• PROBLEM DETAILS:
Each entry has to be copied exactly, with nothing missed.

*** Begin section ***

lemma success_probs_pos:
  assumes "\<forall>j. density_op (\<rho> j)" "uud_measurement \<rho> I"
  shows "success_probs \<rho> I j > 0"
proof -
  have nonneg: "success_probs \<rho> I k \<ge> 0" for k
    using assms instrument_trace_nonneg(2)
    unfolding uud_measurement_def density_op_def success_probs_def by blast
  have "(INF k. success_probs \<rho> I k) \<le> success_probs \<rho> I j"
    using nonneg by (intro cINF_lower bdd_belowI[of _ 0]) auto
  moreover have "(INF k. success_probs \<rho> I k) > 0"
    using assms(2) unfolding uud_measurement_def success_probs_def by simp
  ultimately show ?thesis
    by linarith
qed

lemma success_probs_mem_unit_interval:
  assumes "\<forall>j. density_op (\<rho> j)" "uud_measurement \<rho> I"
  shows "success_probs \<rho> I j \<in> {0<..1}"
  using success_probs_pos[OF assms] success_probs_le_1[of I \<rho> j] assms
  unfolding uud_measurement_def by auto

lemma trace_inconclusive:
  assumes "\<forall>j. density_op (\<rho> j)" "uud_measurement \<rho> I"
  shows "trace (I None (\<rho> j)) = complex_of_real (1 - success_probs \<rho> I j)"
proof -
  have I: "instrument I" and unamb: "\<And>k. k \<noteq> j \<Longrightarrow> trace (I (Some k) (\<rho> j)) = 0"
    using assms(2) unfolding uud_measurement_def by auto
  have tc: "trace_class (\<rho> j)" and pos: "positive_opr (\<rho> j)" and tr: "trace (\<rho> j) = 1"
    using assms(1) unfolding density_op_def by auto
  let ?g = "\<lambda>\<omega>. trace (I \<omega> (\<rho> j))"
  have "(?g has_sum 1) UNIV"
    using instrument_has_sum_trace[OF I tc] tr by simp
  moreover have "(?g has_sum 1) UNIV \<longleftrightarrow> (?g has_sum 1) {None, Some j}"
    by (rule has_sum_cong_neutral) (auto split: option.splits, metis unamb)
  ultimately have "?g None + ?g (Some j) = 1"
    using has_sum_finite[of "{None, Some j}" ?g] has_sum_unique by fastforce
  moreover have "?g (Some j) = complex_of_real (success_probs \<rho> I j)"
    using instrument_trace_nonneg(1)[OF I tc pos]
    by (simp add: success_probs_def complex_eq_iff)
  ultimately show ?thesis
    by (simp add: algebra_simps)
qed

*** End section ***

• TASK RESPONSE:
lemma success_probs_pos:
  assumes "\<forall>j. density_op (\<rho> j)" "uud_measurement \<rho> I"
  shows "success_probs \<rho> I j > 0"
proof -
  have nonneg: "success_probs \<rho> I k \<ge> 0" for k
    using assms instrument_trace_nonneg(2)
    unfolding uud_measurement_def density_op_def success_probs_def by blast
  have "(INF k. success_probs \<rho> I k) \<le> success_probs \<rho> I j"
    using nonneg by (intro cINF_lower bdd_belowI[of _ 0]) auto
  moreover have "(INF k. success_probs \<rho> I k) > 0"
    using assms(2) unfolding uud_measurement_def success_probs_def by simp
  ultimately show ?thesis
    by linarith
qed

lemma success_probs_mem_unit_interval:
  assumes "\<forall>j. density_op (\<rho> j)" "uud_measurement \<rho> I"
  shows "success_probs \<rho> I j \<in> {0<..1}"
  using success_probs_pos[OF assms] success_probs_le_1[of I \<rho> j] assms
  unfolding uud_measurement_def by auto

lemma trace_inconclusive:
  assumes "\<forall>j. density_op (\<rho> j)" "uud_measurement \<rho> I"
  shows "trace (I None (\<rho> j)) = complex_of_real (1 - success_probs \<rho> I j)"
proof -
  have I: "instrument I" and unamb: "\<And>k. k \<noteq> j \<Longrightarrow> trace (I (Some k) (\<rho> j)) = 0"
    using assms(2) unfolding uud_measurement_def by auto
  have tc: "trace_class (\<rho> j)" and pos: "positive_opr (\<rho> j)" and tr: "trace (\<rho> j) = 1"
    using assms(1) unfolding density_op_def by auto
  let ?g = "\<lambda>\<omega>. trace (I \<omega> (\<rho> j))"
  have "(?g has_sum 1) UNIV"
    using instrument_has_sum_trace[OF I tc] tr by simp
  moreover have "(?g has_sum 1) UNIV \<longleftrightarrow> (?g has_sum 1) {None, Some j}"
    by (rule has_sum_cong_neutral) (auto split: option.splits, metis unamb)
  ultimately have "?g None + ?g (Some j) = 1"
    using has_sum_finite[of "{None, Some j}" ?g] has_sum_unique by fastforce
  moreover have "?g (Some j) = complex_of_real (success_probs \<rho> I j)"
    using instrument_trace_nonneg(1)[OF I tc pos]
    by (simp add: success_probs_def complex_eq_iff)
  ultimately show ?thesis
    by (simp add: algebra_simps)
qed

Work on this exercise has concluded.